Bid Rigging Convictions For Three Overturned

WASHINGTON — Three former bankers at GE Funding Capital Market Services, Inc., convicted of fraud and conspiracy for rigging municipal bond investment bids, were released from prison following a Nov. 26 decision by the U.S. Court of Appeals for the Second Circuit overturning their guilty verdicts.

A three-judge panel in New York issued the order reversing their May 2012 criminal conviction by a federal jury. Judge Victor Marrero, of the U.S. District Court for the Southern District of New York, ordered Dominick Carollo, Steven Goldberg, and Peter Grimm to be released from prison the following day before Thanksgiving.

The appellate court has not yet released a written opinion stating its reasons for reversing the convictions, but one could be available in the coming weeks.

Lawyers for the newly-freed men hailed the decision and one said he suspected the court found the statute of limitations had expired.

The decision could have implications for others convicted of rigging bids for guaranteed investment and other contracts, some of whom have yet to be sentenced. Attorneys said that it is impossible to know how wide or narrow the implications might be without seeing the court’s opinion.

The order overturning the conviction did not state that the case should be remanded to the lower court for a new trial, a possible indication of a statute of limitations issue.

“It was a good result,” said John Siffert, an attorney at Lankler Siffert & Wohl LLP who represented Goldberg. “It appears the case is over for our client. He gets to move on with his life.”

Walter Timpone, a lawyer at McElroy, Deutch, Mulvaney & Carpenter LLP who represented Carollo, said his client’s release is a “great” conclusion, for Carollo, who was doing poorly in prison, Timpone added the court was likely mindful of getting the men out of jail in time for the holidays,

“He’s home and had Thanksgiving with his family,” Timpone said.

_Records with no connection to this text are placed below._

(* Let $p_1,p_2$ be relatively prime positive integers with $p_1>p_2+1$ and $p_2\ge2$. Write $p_1=ap_2+b$ with integers $a\ge1$ and $0<b<p_2$. Let $\ell\in\{0,\dots,p_1-p_2-1\}$, write $\ell=\nu p_2+\ell'$ with integers $\nu\ge0$ and $0\le\ell'<p_2$, and let $c\in\big[\frac{\ell}{p_1-p_2},\frac{\ell+1}{p_1-p_2}\big)$. Write the first $p_1+p_2$ terms of $S_c(p_1,p_2)$ as $1^{k_1},2,1^{k_2},2,\dots,1^{k_{p_2}},2,1^{k_{p_2+1}}$. Then: - $k_1=\nu+1$; - for $i=2,\dots,p_2$, $k_i=a+1$ if $i=\lceil (jp_2-\ell')/b\rceil+1$ for some $j\in\{1,\dots,b\}$, and $k_i=a$ otherwise; - $k_{p_2+1}=p_1-(k_1+\cdots+k_{p_2})$.
   Context: Stationary divisor method with cut point $c\in[0,1]$ for votes $(p_1,p_2)$: seats are allocated one at a time. Initially $a_1=a_2=0$; each next seat goes to a party $i$ maximizing $p_i/(a_i+c)$, whose $a_i$ then increases by $1$. Ties are broken in favor of party $1$. For $c=0$ the convention is that $p_1/0>p_2/0$, and $p_i/0>p_j/k$ for $k>0$. $S_c(p_1,p_2)$ is the infinite sequence of party labels (in $\{1,2\}$) of successive seats. It is periodic with period $p_1+p_2$, and its first $p_1+p_2$ terms contain exactly $p_1$ ones and $p_2$ twos. The notation $1^k$ denotes $k$ consecutive $1$'s. *)

theory Defs
  imports Complex_Main
begin

text \<open>Stationary divisor method with cut point c for votes (p1,p2).\<close>

definition party1_wins :: "real \<Rightarrow> nat \<Rightarrow> nat \<Rightarrow> nat \<Rightarrow> nat \<Rightarrow> bool" where
  "party1_wins c p1 p2 a1 a2 =
     (if real a1 + c = 0 then True
      else if real a2 + c = 0 then False
      else real p1 / (real a1 + c) \<ge> real p2 / (real a2 + c))"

Goldberg had been sentenced to four years in prison and fined $90,000, and Grimm and Carollo were each sentenced to three years in prison and fined $50,000.

Their appeal rested primarily on an argument that the government did not move quickly enough to indict them after the alleged fraud, and also on what the defense team labeled as “unfair incrimination” by British citizen Adrian Scott-Jones. Scott-Jones testified at the trial in April 2012 to discussing fraudulent conduct with Goldberg during a dinner at a Japanese restaurant, but later left the courthouse during a break and never returned. Defense lawyers said he tried to commit suicide and ended up in the hospital. In appeals documents, lawyers argued that Scott-Jones’ disappearance left them unable to contest some of his testimony.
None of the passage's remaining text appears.